Well, I did not get those 2 pyr pups....I think someone else bought them this weekend (they already had made arrangements to look at them). It's fine, because the person selling them told me they were both female.

I have been reading as much as possible on  LGDs (mainly about Pyrenees) and it is recommended to have 2, one of each sex.  I can't seem remember the source, but one author advises this because same sex pairs almost always end up fighting with each other......serious fights.

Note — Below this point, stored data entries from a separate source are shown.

text \<open>If neither region contains the other, each boundary lies in the exterior of the other
region, and then the connected region T, meeting the exterior of S, lies in it.\<close>

lemma jordan_regions_nested:
  assumes "jordan_region S" "jordan_region T" "S \<inter> T \<noteq> {}" "frontier S \<inter> frontier T = {}"
  shows "S \<subseteq> T \<or> T \<subseteq> S"
proof (rule ccontr)
  assume not_nested: "\<not> (S \<subseteq> T \<or> T \<subseteq> S)"
  have "frontier U \<subseteq> outside (frontier V)"
    if "jordan_region U" "jordan_region V" "frontier U \<inter> frontier V = {}" "\<not> U \<subseteq> V" for U V
  proof (cases "frontier U \<inter> outside (frontier V) = {}")
    case True
    then show ?thesis
      using that jordan_region_subset_if_frontier_subset jordan_region_eq_Compl_outside by blast
  qed (use connected_subset_outside connected_frontier_jordan_region that in blast)
  then have "frontier S \<subseteq> outside (frontier T)" "frontier T \<subseteq> outside (frontier S)"
    using assms not_nested by (metis inf_commute)+
  moreover have "frontier T \<noteq> {}"
    by (metis assms(2) jordan_region_boundary_loop path_image_nonempty)
  ultimately have "T \<subseteq> outside (frontier S)"
    using connected_subset_outside[OF connected_jordan_region[OF assms(2)]]
      jordan_region_eq_Compl_outside[OF assms(2)] frontier_jordan_region_subset[OF assms(2)]
    by blast
  then show False
    using assms(3) jordan_region_eq_Compl_outside[OF assms(1)] by blast
qed
(* In the setting described in the context, let $i\in[m]$, $S\subseteq[k]$ and $t\in[k]\setminus S$. Then $$\big\|\mathsf{P}_{Y_i}\mathsf{P}_{\Omega_{-i}Z|W,Y_i^S=\perp^S,Y_i^{\overline{S}}}-\mathsf{P}_{Y_i}\mathsf{P}_{\Omega_{-i}Z|W,Y_i^{S\cup\{t\}}=\perp^{S\cup\{t\}},Y_i^{\overline{S}\setminus\{t\}}}\big\|\le 2\alpha^{-(|S|+1)}\big\|\mathsf{P}_{Y_i}\mathsf{P}_{Z\Omega_{-i}|W,Y_i}-\mathsf{P}_{Y_i}\mathsf{P}_{Z\Omega_{-i}|W,Y_i^{-t}}\big\|.$$
   Context: Let $G=(\mathcal{X},\mathcal{A},\mu,V)$ be a $k$-player game: $\mathcal{X}=\mathcal{X}^1\times\cdots\times\mathcal{X}^k$, $\mathcal{A}=\mathcal{A}^1\times\cdots\times\mathcal{A}^k$ finite, $\mu$ a distribution on $\mathcal{X}$, $V:\mathcal{X}\times\mathcal{A}\to\{0,1\}$. Assume $G$ is $\alpha$-anchored ($0<\alpha\le1$) with anchor sets $\mathcal{X}^t_\perp\subseteq\mathcal{X}^t$: the marginal probability that $x^t\in\mathcal{X}^t_\perp$ is at least $\alpha$ for each $t$, and $\mu(x)=\mu(x|_{\overline{F}_x})\prod_{t\in F_x}\mu(x^t)$ for all $x$, where $F_x=\{t:x^t\in\mathcal{X}^t_\perp\}$, $\overline F_x=[k]\setminus F_x$, and $\mu(x|_S)$, $\mu(x^t)$ are marginals. Fix $n$, integers $1\le m<n$, $C=\{m+1,\dots,n\}$, and a deterministic strategy for $G^n$, i.e. functions $f^t:(\mathcal{X}^t)^n\to(\mathcal{A}^t)^n$. Let $X=(X_1,\dots,X_n)$, $X_i=(X_i^1,\dots,X_i^k)$, be distributed as $\mu^{\otimes n}$, let $(A_1^t,\dots,A_n^t)=f^t(X_1^t,\dots,X_n^t)$, $A_i=(A_i^1,\dots,A_i^k)$, and $Z=(A_j)_{j\in C}$. Let $W$ be the event that $V(X_j,A_j)=1$ for all $j\in C$, with $\Pr(W)>0$. For each $i,t$ let $Y_i^t=X_i^t$ if $X_i^t\notin\mathcal{X}^t_\perp$ and $Y_i^t=\perp$ otherwise; $Y_i=(Y_i^1,\dots,Y_i^k)$; for $S\subseteq[k]$, $Y_i^S=(Y_i^s)_{s\in S}$, $\overline S=[k]\setminus S$, $\perp^S$ is the all-$\perp$ tuple indexed by $S$, and $Y_i^{-t}=Y_i^{[k]\setminus\{t\}}$. For $i\in[m]$ let $D_i$ be a uniformly random subset of $[k]$ of size $k-1$, independent of each other and of $X$; $M_i=Y_i^{D_i}$, $\Omega_i=(D_i,M_i)$; for $j\in C$, $\Omega_j=X_j$. $\Omega_{-i}$ is $(\Omega_1,\dots,\Omega_n)$ with $\Omega_i$ omitted. Notation: for random variables $R\subseteq$ components of $Y_i$, $\mathsf{P}_{Y_i}\mathsf{P}_{\Omega_{-i}Z|W,Y_i^{S}=\perp^S,Y_i^{T}}$ denotes the distribution $(y,\omega,z)\mapsto\mathsf{P}_{Y_i}(y)\,\mathsf{P}_{\Omega_{-i}Z|W,Y_i^S=\perp^S,Y_i^{T}=y^{T}}(\omega,z)$ (and similarly with no fixed part); $\|\cdot\|$ is total variation distance. *)

theory Defs
  imports Complex_Main "HOL-Library.FuncSet"
begin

I'd like to hear from more members of BYH as far as their own personal experiences with LGDs.....specifically what they have found to be pros/cons of their own situations concerning keeping 1 vs.2 LGDs, how far they would travel what they are looking for, age they recommend acquiring the dogs and same or opposite sex pairs.

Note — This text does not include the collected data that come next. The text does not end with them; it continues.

lemma laguerre_expansion_coeff_2:
  assumes lam: "lam > 0" and mu: "mu > 0" and m: "m \<ge> 1"
  shows "expansion_coeff lam kap mu (scaled_laguerre m) 2 = kap * real m / (24 * lam ^ 2) *
      (- 12 * mu * lam * kap * real m ^ 2 + 24 * mu * lam - 12 * mu * lam * kap * real m
       - 4 * real m ^ 2 * lam ^ 2 - 6 * real m * lam ^ 2 + 3 * real m ^ 3 * lam ^ 2 * kap
       - 12 * mu ^ 2 + 12 * mu ^ 2 * kap * real m - 12 * mu + 12 * mu * kap * real m
       + 6 * lam ^ 2 * kap * real m ^ 2 - 2 * lam ^ 2 + 3 * lam ^ 2 * kap * real m)"
proof -
  define S where "S = real m * (real m + 1) / 2"
  have p1: "coeff (scaled_laguerre m) 1 ^ 2 = [:S ^ 2, - 2 * real m * S, real m ^ 2:]"
    unfolding coeff_scaled_laguerre_1 by (simp add: S_def power2_eq_square algebra_simps)
  define X where "X = (S ^ 2 - real m * (real m + 1) * (2 * real m + 1) / 6) / 2
    + - real m * (S - 1) * mu / lam + real m * (real m - 1) / 2 * mu * (mu + 1) / lam ^ 2"
  define Y where "Y = S ^ 2 + - 2 * real m * S * mu / lam + real m ^ 2 * mu * (mu + 1) / lam ^ 2"
  have "moment_functional lam mu (coeff (scaled_laguerre m) 2) = X * gamma_moment lam mu 0"
    unfolding coeff_scaled_laguerre_2[OF m] moment_functional_quadratic[OF lam mu] X_def S_def ..
  moreover have "moment_functional lam mu (coeff (scaled_laguerre m) 1 ^ 2) = Y * gamma_moment lam mu 0"
    unfolding p1 moment_functional_quadratic[OF lam mu] Y_def ..
  ultimately have "expansion_coeff lam kap mu (scaled_laguerre m) 2 = kap * X + kap * (kap - 1) / 2 * Y"
    unfolding expansion_coeff_2[OF coeff_scaled_laguerre_0]
    using gamma_moment_pos[OF lam mu, of 0] by (simp add: field_simps)
  also have "\<dots> = kap * real m / (24 * lam ^ 2) *
      (- 12 * mu * lam * kap * real m ^ 2 + 24 * mu * lam - 12 * mu * lam * kap * real m
       - 4 * real m ^ 2 * lam ^ 2 - 6 * real m * lam ^ 2 + 3 * real m ^ 3 * lam ^ 2 * kap
       - 12 * mu ^ 2 + 12 * mu ^ 2 * kap * real m - 12 * mu + 12 * mu * kap * real m
       + 6 * lam ^ 2 * kap * real m ^ 2 - 2 * lam ^ 2 + 3 * lam ^ 2 * kap * real m)"
    using lam by (simp add: X_def Y_def S_def field_simps power2_eq_square power3_eq_cube)
  finally show ?thesis .
qed

theorem proposition1:
  fixes lam kap mu :: real and m :: nat
  assumes "lam > 0" and "kap > 0" and "mu > 0" and "m \<ge> 1"
  shows "\<exists>D :: nat \<Rightarrow> real.
    D 0 = 1 \<and>
    D 1 = kap * real m * (- 2 * mu + real m * lam + lam) / (2 * lam) \<and>
    D 2 = kap * real m / (24 * lam ^ 2) *
      (- 12 * mu * lam * kap * real m ^ 2 + 24 * mu * lam - 12 * mu * lam * kap * real m
       - 4 * real m ^ 2 * lam ^ 2 - 6 * real m * lam ^ 2 + 3 * real m ^ 3 * lam ^ 2 * kap
       - 12 * mu ^ 2 + 12 * mu ^ 2 * kap * real m - 12 * mu + 12 * mu * kap * real m
       + 6 * lam ^ 2 * kap * real m ^ 2 - 2 * lam ^ 2 + 3 * lam ^ 2 * kap * real m) \<and>
    (\<forall>N :: nat. \<exists>r :: real \<Rightarrow> real.
       r \<in> O[at_top](\<lambda>a. a powr (- real N)) \<and>
       (\<forall>\<^sub>F a in at_top.
          I1 lam kap mu m a =
            a powr (kap * real m) * Gamma mu / (lam powr mu * fact m powr kap) *
            ((\<Sum>k<N. D k / a ^ k) + r a)))"
proof -
  define D where "D = expansion_coeff lam kap mu (scaled_laguerre m)"
  have "\<exists>r. r \<in> O[at_top](\<lambda>a. a powr - real N) \<and> (\<forall>\<^sub>F a in at_top. I1 lam kap mu m a =
      a powr (kap * real m) * Gamma mu / (lam powr mu * fact m powr kap) * ((\<Sum>k<N. D k / a ^ k) + r a))"
    for N
  proof -
    obtain r where "r \<in> O[at_top](\<lambda>a. a powr - real N)"
      and "\<forall>\<^sub>F a in at_top.
        (LINT x:{0<..}|lborel. gamma_weight lam mu x * \<bar>poly (poly (scaled_laguerre m) [:1 / a:]) x\<bar> powr kap)
          = gamma_moment lam mu 0 * ((\<Sum>k<N. D k / a ^ k) + r a)"
      using weighted_powr_integral_asymptotics[OF assms(1,3,2) coeff_scaled_laguerre_0]
      unfolding D_def by blast
    moreover from this(2) have "\<forall>\<^sub>F a in at_top. I1 lam kap mu m a =
        a powr (kap * real m) * Gamma mu / (lam powr mu * fact m powr kap) * ((\<Sum>k<N. D k / a ^ k) + r a)"
      using eventually_gt_at_top[of 0]
      by eventually_elim (simp add: I1_eq_scaled_laguerre_integral gamma_moment_0 mult_ac)
    ultimately show ?thesis
      by blast
  qed
  then show ?thesis
    using expansion_coeff_0[OF assms(1,3)] laguerre_expansion_coeff_1[OF assms(1,3)]
      laguerre_expansion_coeff_2[OF assms(1,3,4)]
    unfolding D_def by blast
qed

end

I have found someone 4 hrs from me with a male/female pair of puppies that are working stock and have been living with chickens/peacocks/ducks/pigs/sheep/cows successfully. Both parents are on site.
The price is in my range and I'm planning on driving down this weekend......I could say "Just to look", but with all things seeming exactly what I want, that's probably a lie.

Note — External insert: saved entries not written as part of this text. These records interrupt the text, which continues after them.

(* Let $4\le k\le\infty$. Suppose that a simplicial complex $X$ is obtained from two flag simplicial complexes $A$ and $B$ by gluing them along a simplex. Then $X$ is $k$-large if and only if both $A$ and $B$ are $k$-large.
   Context: A simplicial complex is flag if every set of pairwise adjacent vertices spans a simplex. A cycle in a complex is a subcomplex that is a subdivision of the circle; a subcomplex is full if every simplex of the ambient complex spanned by its vertices lies in it. For $4\le k\le\infty$, a flag simplicial complex is $k$-large if it has no full cycle of length $<k$. *)

theory Defs
  imports Main "HOL-Library.Extended_Nat"
begin

text \<open>Abstract simplicial complexes: a set of finite nonempty vertex sets (simplices),
closed under passing to nonempty subsets.  Vertices are the singleton simplices.\<close>
definition simplicial_complex :: "'a set set \<Rightarrow> bool" where
  "simplicial_complex K \<longleftrightarrow>
     (\<forall>s\<in>K. finite s \<and> s \<noteq> {}) \<and> (\<forall>s\<in>K. \<forall>t. t \<subseteq> s \<and> t \<noteq> {} \<longrightarrow> t \<in> K)"

definition flag :: "'a set set \<Rightarrow> bool" where
  "flag K \<longleftrightarrow> simplicial_complex K \<and>
     (\<forall>s. finite s \<and> s \<noteq> {} \<and> (\<forall>u\<in>s. \<forall>v\<in>s. {u, v} \<in> K) \<longrightarrow> s \<in> K)"

definition is_cycle :: "'a set set \<Rightarrow> nat \<Rightarrow> bool" where
  "is_cycle C n \<longleftrightarrow> (\<exists>f :: nat \<Rightarrow> 'a. 3 \<le> n \<and> inj_on f {..<n} \<and>
     C = {{f i} | i. i < n} \<union> {{f i, f (Suc i mod n)} | i. i < n})"

definition full_subcomplex :: "'a set set \<Rightarrow> 'a set set \<Rightarrow> bool" where
  "full_subcomplex K C \<longleftrightarrow> C \<subseteq> K \<and> (\<forall>s\<in>K. s \<subseteq> \<Union>C \<longrightarrow> s \<in> C)"

definition k_large :: "'a set set \<Rightarrow> enat \<Rightarrow> bool" where
  "k_large K k \<longleftrightarrow> flag K \<and>
     \<not> (\<exists>C n. is_cycle C n \<and> full_subcomplex K C \<and> enat n < k)"

end

theory Submission
  imports Defs
begin

text \<open>A vertex lying in both A and B lies in the gluing simplex \<sigma>.  So if a full cycle of
  A \<union> B had a vertex outside B and a vertex outside A, each of the two arcs between them
  would have to pass through \<sigma>, since an edge of the cycle lies entirely in A or in B.
  The two vertices of \<sigma> found in this way are joined by an edge of A, which by fullness
  is an edge of the cycle; but they are separated on both sides, a contradiction.  Hence
  every full cycle of A \<union> B lies in A or in B, and fullness transfers in both directions.\<close>

lemma arc_crossing:
  fixes P Q :: "nat \<Rightarrow> bool"
  assumes "\<And>u. i \<le> u \<Longrightarrow> u < j \<Longrightarrow> (P u \<and> P (Suc u)) \<or> (Q u \<and> Q (Suc u))"
    and "\<not> Q i" and "\<not> P j" and "i < j"
  shows "\<exists>p. i < p \<and> p < j \<and> P p \<and> Q p"
  using assms
proof (induction j)
  case 0
  then show ?case by simp
next
  case (Suc j)
  note edges = Suc.prems(1)
  consider "i = j" | "i < j" "P j" | "i < j" "\<not> P j"
    using \<open>i < Suc j\<close> by linarith
  then show ?case
  proof cases
    case 1
    then show ?thesis using edges[of i] \<open>\<not> Q i\<close> \<open>\<not> P (Suc j)\<close> by simp
  next
    case 2
    then have "Q j" using edges[of j] \<open>\<not> P (Suc j)\<close> by simp
    then show ?thesis using 2 by blast
  next
    case 3
    then obtain p where "i < p" "p < j" "P p" "Q p"
      using Suc.IH edges \<open>\<not> Q i\<close> by (metis less_SucI)
    then show ?thesis using less_SucI by blast
  qed
qed

lemma cycle_crossing_ordered:
  fixes P Q :: "nat \<Rightarrow> bool"
  assumes edges: "\<And>u. u < n \<Longrightarrow> (P u \<and> P (Suc u mod n)) \<or> (Q u \<and> Q (Suc u mod n))"
    and "i < j" "j < n" "\<not> Q i" "\<not> P j"
  shows "\<exists>p<n. \<exists>q<n. p \<noteq> q \<and> P p \<and> Q p \<and> P q \<and> Q q \<and> (\<forall>w<n. {p, q} \<noteq> {w, Suc w mod n})"
proof -
  have edges_below: "(P u \<and> P (Suc u)) \<or> (Q u \<and> Q (Suc u))" if "u < j" for u
    using edges[of u] that assms(3) by simp
  obtain p where p: "i < p" "p < j" "P p" "Q p"
    using arc_crossing[of i j P Q, OF edges_below] assms(2,4,5) by blast
  have edges_mod: "(Q (u mod n) \<and> Q (Suc u mod n)) \<or> (P (u mod n) \<and> P (Suc u mod n))" for u
    using edges[of "u mod n"] assms(3) by (auto simp: mod_Suc_eq)
  obtain r where r: "j < r" "r < n + i" "P (r mod n)" "Q (r mod n)"
    using arc_crossing[of j "n + i" "\<lambda>u. Q (u mod n)" "\<lambda>u. P (u mod n)", OF edges_mod]
      assms(2-5) by auto
  define q where "q = r mod n"
  have q_cases: "(q = r \<and> r < n) \<or> (q = r - n \<and> n \<le> r)"
    using r(2) assms(2,3) unfolding q_def by (cases "r < n") (auto simp: le_mod_geq)
  have "\<forall>w<n. {p, q} \<noteq> {w, Suc w mod n}"
  proof (intro allI impI notI)
    fix w assume "w < n" "{p, q} = {w, Suc w mod n}"
    then show False
      using p(1,2) r(1,2) q_cases assms(3) by (auto simp: doubleton_eq_iff mod_Suc split: if_splits)
  qed
  moreover have "p \<noteq> q" using p(1,2) r(1,2) q_cases by auto
  moreover have "p < n" "q < n" using p(2) assms(3) unfolding q_def by auto
  ultimately show ?thesis using p r unfolding q_def by blast
qed

lemma cycle_crossing:
  fixes P Q :: "nat \<Rightarrow> bool"
  assumes edges: "\<And>u. u < n \<Longrightarrow> (P u \<and> P (Suc u mod n)) \<or> (Q u \<and> Q (Suc u mod n))"
    and "i < n" "j < n" "\<not> Q i" "\<not> P j"
  shows "\<exists>p<n. \<exists>q<n. p \<noteq> q \<and> P p \<and> Q p \<and> P q \<and> Q q \<and> (\<forall>w<n. {p, q} \<noteq> {w, Suc w mod n})"
proof (cases i j rule: linorder_cases)
  case less
  then show ?thesis using cycle_crossing_ordered[of n P Q i j] assms by blast
next
  case equal
  then show ?thesis using edges[of i] assms(2,4,5) by blast
next
  case greater
  then show ?thesis using cycle_crossing_ordered[of n Q P j i] assms by blast
qed

lemma flagD:
  assumes "flag K" "finite s" "s \<noteq> {}" "\<And>u v. u \<in> s \<Longrightarrow> v \<in> s \<Longrightarrow> {u, v} \<in> K"
  shows "s \<in> K"
  using assms(1) unfolding flag_def
proof (elim conjE allE impE)
  show "finite s \<and> s \<noteq> {} \<and> (\<forall>u\<in>s. \<forall>v\<in>s. {u, v} \<in> K)" using assms(2-4) by blast
qed

lemma simplicial_complex_face:
  "simplicial_complex K \<Longrightarrow> s \<in> K \<Longrightarrow> t \<subseteq> s \<Longrightarrow> t \<noteq> {} \<Longrightarrow> t \<in> K"
  unfolding simplicial_complex_def by blast

lemma simplicial_complex_vertex:
  "simplicial_complex K \<Longrightarrow> s \<in> K \<Longrightarrow> v \<in> s \<Longrightarrow> {v} \<in> K"
  by (rule simplicial_complex_face) auto

lemma simplicial_complex_Un:
  "simplicial_complex K \<Longrightarrow> simplicial_complex L \<Longrightarrow> simplicial_complex (K \<union> L)"
  unfolding simplicial_complex_def by (metis Un_iff)

lemma full_subcomplexD: "full_subcomplex K C \<Longrightarrow> s \<in> K \<Longrightarrow> s \<subseteq> \<Union>C \<Longrightarrow> s \<in> C"
  unfolding full_subcomplex_def by blast

lemma full_subcomplex_restrict:
  "full_subcomplex K C \<Longrightarrow> C \<subseteq> L \<Longrightarrow> L \<subseteq> K \<Longrightarrow> full_subcomplex L C"
  unfolding full_subcomplex_def by blast

locale glued =
  fixes A B :: "'a set set" and \<sigma> :: "'a set"
  assumes flag_A: "flag A" and flag_B: "flag B"
    and simplex_A: "\<sigma> \<in> A" and simplex_B: "\<sigma> \<in> B"
    and inter_eq_faces: "A \<inter> B = {\<tau>. \<tau> \<subseteq> \<sigma> \<and> \<tau> \<noteq> {}}"
begin

lemma complex_A: "simplicial_complex A" and complex_B: "simplicial_complex B"
  using flag_A flag_B unfolding flag_def by blast+

lemma common_vertex_in_simplex: "{v} \<in> A \<Longrightarrow> {v} \<in> B \<Longrightarrow> v \<in> \<sigma>"
  using inter_eq_faces by blast

lemma simplex_in_A_if_vertices_in_A:
  assumes "s \<in> A \<union> B" and "\<forall>v\<in>s. {v} \<in> A"
  shows "s \<in> A"
proof (cases "s \<in> A")
  case False
  then have "s \<in> B" using assms(1) by blast
  then have "s \<subseteq> \<sigma>"
    using assms(2) common_vertex_in_simplex simplicial_complex_vertex[OF complex_B] by blast
  moreover have "s \<noteq> {}" using \<open>s \<in> B\<close> complex_B unfolding simplicial_complex_def by blast
  ultimately show ?thesis using inter_eq_faces by blast
qed

lemma subset_A_if_vertices_in_A:
  assumes "K \<subseteq> A \<union> B" and "\<And>v. v \<in> \<Union>K \<Longrightarrow> {v} \<in> A"
  shows "K \<subseteq> A"
proof
  fix s assume "s \<in> K"
  then show "s \<in> A" using assms by (intro simplex_in_A_if_vertices_in_A) auto
qed

lemma full_subcomplex_Un:
  assumes "full_subcomplex A C"
  shows "full_subcomplex (A \<union> B) C"
  unfolding full_subcomplex_def
proof (intro conjI ballI impI)
  show "C \<subseteq> A \<union> B" using assms unfolding full_subcomplex_def by blast
  fix s assume s: "s \<in> A \<union> B" "s \<subseteq> \<Union>C"
  have "{v} \<in> A" if "v \<in> \<Union>C" for v
    using that assms simplicial_complex_vertex[OF complex_A] unfolding full_subcomplex_def by blast
  then have "s \<in> A" using s simplex_in_A_if_vertices_in_A by blast
  then show "s \<in> C" using s(2) assms unfolding full_subcomplex_def by blast
qed

end

sublocale glued \<subseteq> swap: glued B A \<sigma>
  by unfold_locales (simp_all add: flag_A flag_B simplex_A simplex_B inter_eq_faces Int_commute)

context glued
begin

lemma flag_Un: "flag (A \<union> B)"
proof -
  have "s \<in> A \<union> B"
    if s: "finite s" "s \<noteq> {}" and edges: "\<forall>u\<in>s. \<forall>v\<in>s. {u, v} \<in> A \<union> B" for s
  proof (cases "\<forall>v\<in>s. {v} \<in> A")
    case True
    have "s \<in> A"
      using flag_A s by (rule flagD) (use edges True in \<open>auto intro: simplex_in_A_if_vertices_in_A\<close>)
    then show ?thesis ..
  next
    case False
    then obtain u where u: "u \<in> s" "{u} \<notin> A" by blast
    have vertices_B: "{v} \<in> B" if "v \<in> s" for v
    proof -
      have "{u, v} \<in> A \<union> B" using edges u(1) that by blast
      moreover have "{u, v} \<notin> A" using u(2) simplicial_complex_vertex[OF complex_A, of "{u, v}" u] by blast
      ultimately show ?thesis using simplicial_complex_vertex[OF complex_B, of "{u, v}" v] by blast
    qed
    have "s \<in> B"
      using flag_B s by (rule flagD)
        (use edges vertices_B in \<open>auto intro: swap.simplex_in_A_if_vertices_in_A\<close>)
    then show ?thesis ..
  qed
  then show ?thesis
    using simplicial_complex_Un[OF complex_A complex_B] unfolding flag_def by blast
qed

lemma full_cycle_in_A_or_B:
  assumes cycle: "is_cycle C n" and full: "full_subcomplex (A \<union> B) C"
  shows "C \<subseteq> A \<or> C \<subseteq> B"
proof (rule ccontr)
  assume not_in: "\<not> (C \<subseteq> A \<or> C \<subseteq> B)"
  obtain f where "3 \<le> n" and inj: "inj_on f {..<n}"
    and C_eq: "C = {{f i} | i. i < n} \<union> {{f i, f (Suc i mod n)} | i. i < n}"
    using cycle unfolding is_cycle_def by blast
  have C_sub: "C \<subseteq> A \<union> B" and C_sub': "C \<subseteq> B \<union> A"
    using full unfolding full_subcomplex_def by blast+
  have vertex_index: "\<exists>u<n. v = f u" if "v \<in> \<Union>C" for v
  proof -
    have "Suc i mod n < n" for i using \<open>3 \<le> n\<close> by simp
    then show ?thesis using that C_eq by auto
  qed
  have "\<not> (\<forall>u<n. {f u} \<in> B)"
    using swap.subset_A_if_vertices_in_A[OF C_sub'] vertex_index not_in by blast
  then obtain i where "i < n" "{f i} \<notin> B" by blast
  have "\<not> (\<forall>u<n. {f u} \<in> A)"
    using subset_A_if_vertices_in_A[OF C_sub] vertex_index not_in by blast
  then obtain j where "j < n" "{f j} \<notin> A" by blast
  have edges: "({f u} \<in> A \<and> {f (Suc u mod n)} \<in> A) \<or> ({f u} \<in> B \<and> {f (Suc u mod n)} \<in> B)"
    if "u < n" for u
  proof -
    have "{f u, f (Suc u mod n)} \<in> A \<union> B" using that C_eq C_sub by blast
    then show ?thesis
      using simplicial_complex_vertex[OF complex_A, of "{f u, f (Suc u mod n)}"]
        simplicial_complex_vertex[OF complex_B, of "{f u, f (Suc u mod n)}"] by blast
  qed
  have "\<exists>p<n. \<exists>q<n. p \<noteq> q \<and> {f p} \<in> A \<and> {f p} \<in> B \<and> {f q} \<in> A \<and> {f q} \<in> B \<and>
      (\<forall>w<n. {p, q} \<noteq> {w, Suc w mod n})"
    by (rule cycle_crossing[of n "\<lambda>u. {f u} \<in> A" "\<lambda>u. {f u} \<in> B" i j]) (erule edges, fact+)
  then obtain p q where pq: "p < n" "q < n" "p \<noteq> q" "{f p} \<in> A" "{f p} \<in> B" "{f q} \<in> A" "{f q} \<in> B"
    and not_adjacent: "\<forall>w<n. {p, q} \<noteq> {w, Suc w mod n}"
    by blast
  \<comment> \<open>two vertices of \<sigma> span an edge of A, which fullness puts into the cycle\<close>
  have "f p \<in> \<sigma>" "f q \<in> \<sigma>" using pq(4-7) common_vertex_in_simplex by simp_all
  then have "{f p, f q} \<in> A" by (intro simplicial_complex_face[OF complex_A simplex_A]) simp_all
  moreover have "{f p} \<in> C" "{f q} \<in> C" using pq(1,2) C_eq by blast+
  then have "{f p, f q} \<subseteq> \<Union>C" by blast
  ultimately have "{f p, f q} \<in> C" using full_subcomplexD[OF full] by blast
  moreover have "f p \<noteq> f q" using inj pq(1-3) by (auto dest: inj_onD)
  ultimately have "{f p, f q} \<in> {{f w, f (Suc w mod n)} | w. w < n}"
    using C_eq by (auto simp: doubleton_eq_iff)
  then obtain w where w: "w < n" "f ` {p, q} = f ` {w, Suc w mod n}" by auto
  have "{p, q} \<subseteq> {..<n}" "{w, Suc w mod n} \<subseteq> {..<n}" using pq(1,2) w(1) by auto
  then have "{p, q} = {w, Suc w mod n}" using inj_on_image_eq_iff[OF inj] w(2) by metis
  then show False using not_adjacent w(1) by blast
qed

lemma full_cycle_iff:
  assumes "is_cycle C n"
  shows "full_subcomplex (A \<union> B) C \<longleftrightarrow> full_subcomplex A C \<or> full_subcomplex B C"
proof
  assume full: "full_subcomplex (A \<union> B) C"
  then show "full_subcomplex A C \<or> full_subcomplex B C"
    using full_cycle_in_A_or_B[OF assms] full_subcomplex_restrict[OF full] by blast
next
  assume "full_subcomplex A C \<or> full_subcomplex B C"
  then show "full_subcomplex (A \<union> B) C"
    using full_subcomplex_Un swap.full_subcomplex_Un by (metis sup_commute)
qed

lemma k_large_Un_iff: "k_large (A \<union> B) k \<longleftrightarrow> k_large A k \<and> k_large B k"
  unfolding k_large_def using flag_A flag_B flag_Un full_cycle_iff by blast

end

theorem lemma2p3:
  fixes A B :: "'a set set" and \<sigma> :: "'a set" and k :: enat
  assumes "4 \<le> k"
    and "flag A" and "flag B"
    and "\<sigma> \<in> A" and "\<sigma> \<in> B"
    and "A \<inter> B = {\<tau>. \<tau> \<subseteq> \<sigma> \<and> \<tau> \<noteq> {}}"
  shows "k_large (A \<union> B) k \<longleftrightarrow> k_large A k \<and> k_large B k"
  using assms(2-6) by (intro glued.k_large_Un_iff glued.intro)

end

I still would like as much advice as possible because I value other livestock/LGD keepers opinions.......For your enjoyment, a pic of one of the puppies from this litter....as well as pics of the parents.


----------



## Baymule (Aug 19, 2019)

Those are some cute pups! I have 2 GP’s, love them. The female is fierce, kills snakes, leaps in the air snapping at hawks and will kill any invader in her space. The male is more laid back. Both defend their territory, Sheep and chickens. 

My education came from this forum. Read all the threads you can. There is a lot of information here. Start a journal for your pups in the LGD forum. Ask questions, you will get answers. People here want to help you, your dogs, and your animals that need protection.


----------



## drdoolittle (Aug 19, 2019)

Came to ANOTHER decision today!  We decided the second set of pups is just too far to travel.  What if they aren't really what we expected?  It would be an 8 hour round trip. I know that might not be a big deal to some, but that's a long time in a vehicle for me. 

There has also been a spot of worry in my brain about getting 2 LGDs that are just puppies.  First, I have a horrible raccoon problem.....would they attack the puppies?  I know an adult raccoon can seriously injure a full-grown dog....I also really want some progress now in cutting down the raccoon population...puppies won't do that right away. 

 So I started thinking about finding an adult pyr that is already trained with livestock and also get a youngish puppy.....that way the adult can teach and protect the puppy and when the adult gets older/passes, I'll still have one trained adult and can add a puppy for it to train.  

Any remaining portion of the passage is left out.